Mytilineos's comments come in response to a recent Bloomberg repor,which outlines the rapid transformation of Indonesia into a dominant force in global metals production.
In a forceful statement published Friday on LinkedIn, Evangelos Mytilineos, chairman and CEO of Metlen, condemned what he described as "criminal mistakes" in European industrial and environmental policy — errors he believes are driving core manufacturing sectors out of Europe and into regions powered by cheap coal and unchecked emissions.
Mytilineos's comments come in response to a recent Bloomberg report titled "Chinese Tycoons Are Turning Indonesia Into an Aluminum Giant" (July 9, 2025), which outlines the rapid transformation of Indonesia into a dominant force in global metals production. Just ten years ago, the country accounted for 7% of the world's nickel output. Today, thanks to a wave of investment from Chinese industrialists and abundant, low-cost coal, that figure has soared to nearly 60%. A similar trend is now reshaping the aluminium sector. Indonesia's vast bauxite reserves, combined with inexpensive labor and coal-fired energy, are enabling the emergence of a powerful smelting industry — one that operates with virtually no carbon costs.
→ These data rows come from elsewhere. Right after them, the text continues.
definition lin_subst :: "'v set \<Rightarrow> ('v \<Rightarrow> 'v \<Rightarrow> 'a::comm_ring_1) \<Rightarrow> 'v \<Rightarrow> ('v, 'a) mpoly" where
  "lin_subst V A v = (\<Sum>w\<in>V. mconst_mono (A v w) 0 * mvar w)"

definition invertible_on :: "'v set \<Rightarrow> ('v \<Rightarrow> 'v \<Rightarrow> 'a::comm_ring_1) \<Rightarrow> bool" where
  "invertible_on V A \<longleftrightarrow> (\<exists>B.
     (\<forall>u\<in>V. \<forall>w\<in>V. (\<Sum>v\<in>V. A u v * B v w) = (if u = w then 1 else 0)) \<and>
     (\<forall>u\<in>V. \<forall>w\<in>V. (\<Sum>v\<in>V. B u v * A v w) = (if u = w then 1 else 0)))"

definition direct_sum :: "'v set \<Rightarrow> ('v, 'a::field) mpoly \<Rightarrow> bool" where
  "direct_sum V f \<longleftrightarrow> (\<exists>A f1 f2 V1 V2.
     invertible_on V A \<and>
     subst (lin_subst V A) f = f1 + f2 \<and>
     is_form f1 \<and> is_form f2 \<and> f1 \<noteq> 0 \<and> f2 \<noteq> 0 \<and>
     V1 \<subseteq> V \<and> V2 \<subseteq> V \<and> V1 \<inter> V2 = {} \<and> vars f1 \<subseteq> V1 \<and> vars f2 \<subseteq> V2)"

definition pvars :: "nat \<Rightarrow> (nat \<times> nat) set" where
  "pvars n = {(i, j). 1 \<le> i \<and> i < j \<and> j \<le> 2 * n}"

text \<open>Perfect matchings of {1..2n}, each edge {i,j} recorded as the pair (i,j) with i < j.\<close>
definition perfect_matchings :: "nat \<Rightarrow> (nat \<times> nat) set set" where
  "perfect_matchings n = {M. M \<subseteq> pvars n \<and>
     (\<forall>k\<in>{1..2*n}. \<exists>!e\<in>M. fst e = k \<or> snd e = k)}"

definition matching_monomial :: "(nat \<times> nat) set \<Rightarrow> (nat \<times> nat, 'a::comm_ring_1) mpoly" where
  "matching_monomial M = (\<Prod>e\<in>M. mvar e)"

end

theory Submission
  imports Defs
begin

text \<open>Suppose an invertible linear substitution \<open>A\<close> turns \<open>f = \<Sum>\<^sub>M a\<^sub>M x\<^sup>M\<close> into
  \<open>f\<^sub>1 + f\<^sub>2\<close> with \<open>f\<^sub>1\<close> in the variables \<open>U\<close> and \<open>f\<^sub>2\<close> in the others. Then the mixed second
  derivatives \<open>\<partial>\<^sub>u\<partial>\<^sub>w (f \<circ> A)\<close> with \<open>u \<in> U\<close>, \<open>w \<notin> U\<close> vanish. Read off in the original
  coordinates, this says that \<open>T = A diag(1\<^sub>U) A\<inverse>\<close> satisfies \<open>T\<^sup>t H\<^sub>N = H\<^sub>N T\<close> for every
  set of edges \<open>N\<close>, where \<open>H\<^sub>N\<close> is the coefficient of \<open>x\<^sup>N\<close> in the Hessian of \<open>f\<close>, i.e.
  \<open>(H\<^sub>N)\<^sub>g\<^sub>h = a(N \<union> {g, h})\<close>. A perfect matching is determined by all but one of its edges, so
  for \<open>2n \<ge> 6\<close> these matrices are sparse enough to force \<open>T\<close> to be scalar, whereas a
  conjugate of a proper coordinate projection is not. The argument works over every field.\<close>

subsection \<open>Substitution\<close>

abbreviation mconst :: "'a::comm_ring_1 \<Rightarrow> ('v, 'a) mpoly" where
  "mconst c \<equiv> mconst_mono c 0"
This, Mytilineos argues, is the exact opposite of what Europe's climate strategy intends. And yet, it is the continent's own aluminium value chain — notably alumina processing and recycling — that is being penalized under the EU's Emissions Trading System (ETS). These two segments of the industry, which produce significantly fewer emissions than primary smelting, are subjected to a one-size-fits-all benchmark that fails to reflect their lower carbon footprint. As a result, European producers face escalating costs that undermine their global competitiveness, despite being among the cleanest operators in the world.
In his critique, Mytilineos echoes a growing concern shared by many across the European metals sector. In a recent letter from industry leaders coordinated by European Aluminium, executives warned that the current ETS framework not only fails to incentivize greener production, but actively harms it. The message is clear: Europe is taxing the cleanest producers while allowing carbon-heavy expansion outside its borders to continue unchecked.
Mytilineos argues that urgent reform is needed. He calls for a revision of ETS benchmarks to reflect the specific emissions profiles of alumina refining and recycling, which in many cases produce 90–95% fewer emissions than traditional smelting. He also advocates for a temporary halt on punitive ETS charges targeting producers of critical raw materials — a "stop-the-clock" measure, as he describes it — to prevent irreparable damage to Europe's industrial base.
His warning is blunt: unless European policymakers correct course, they risk accelerating the deindustrialization of the continent, handing over strategic production capacity to regions where carbon has no cost and environmental standards are minimal. The long-term consequence, he cautions, is not just economic decline — but the erosion of Europe's position in the global industrial landscape.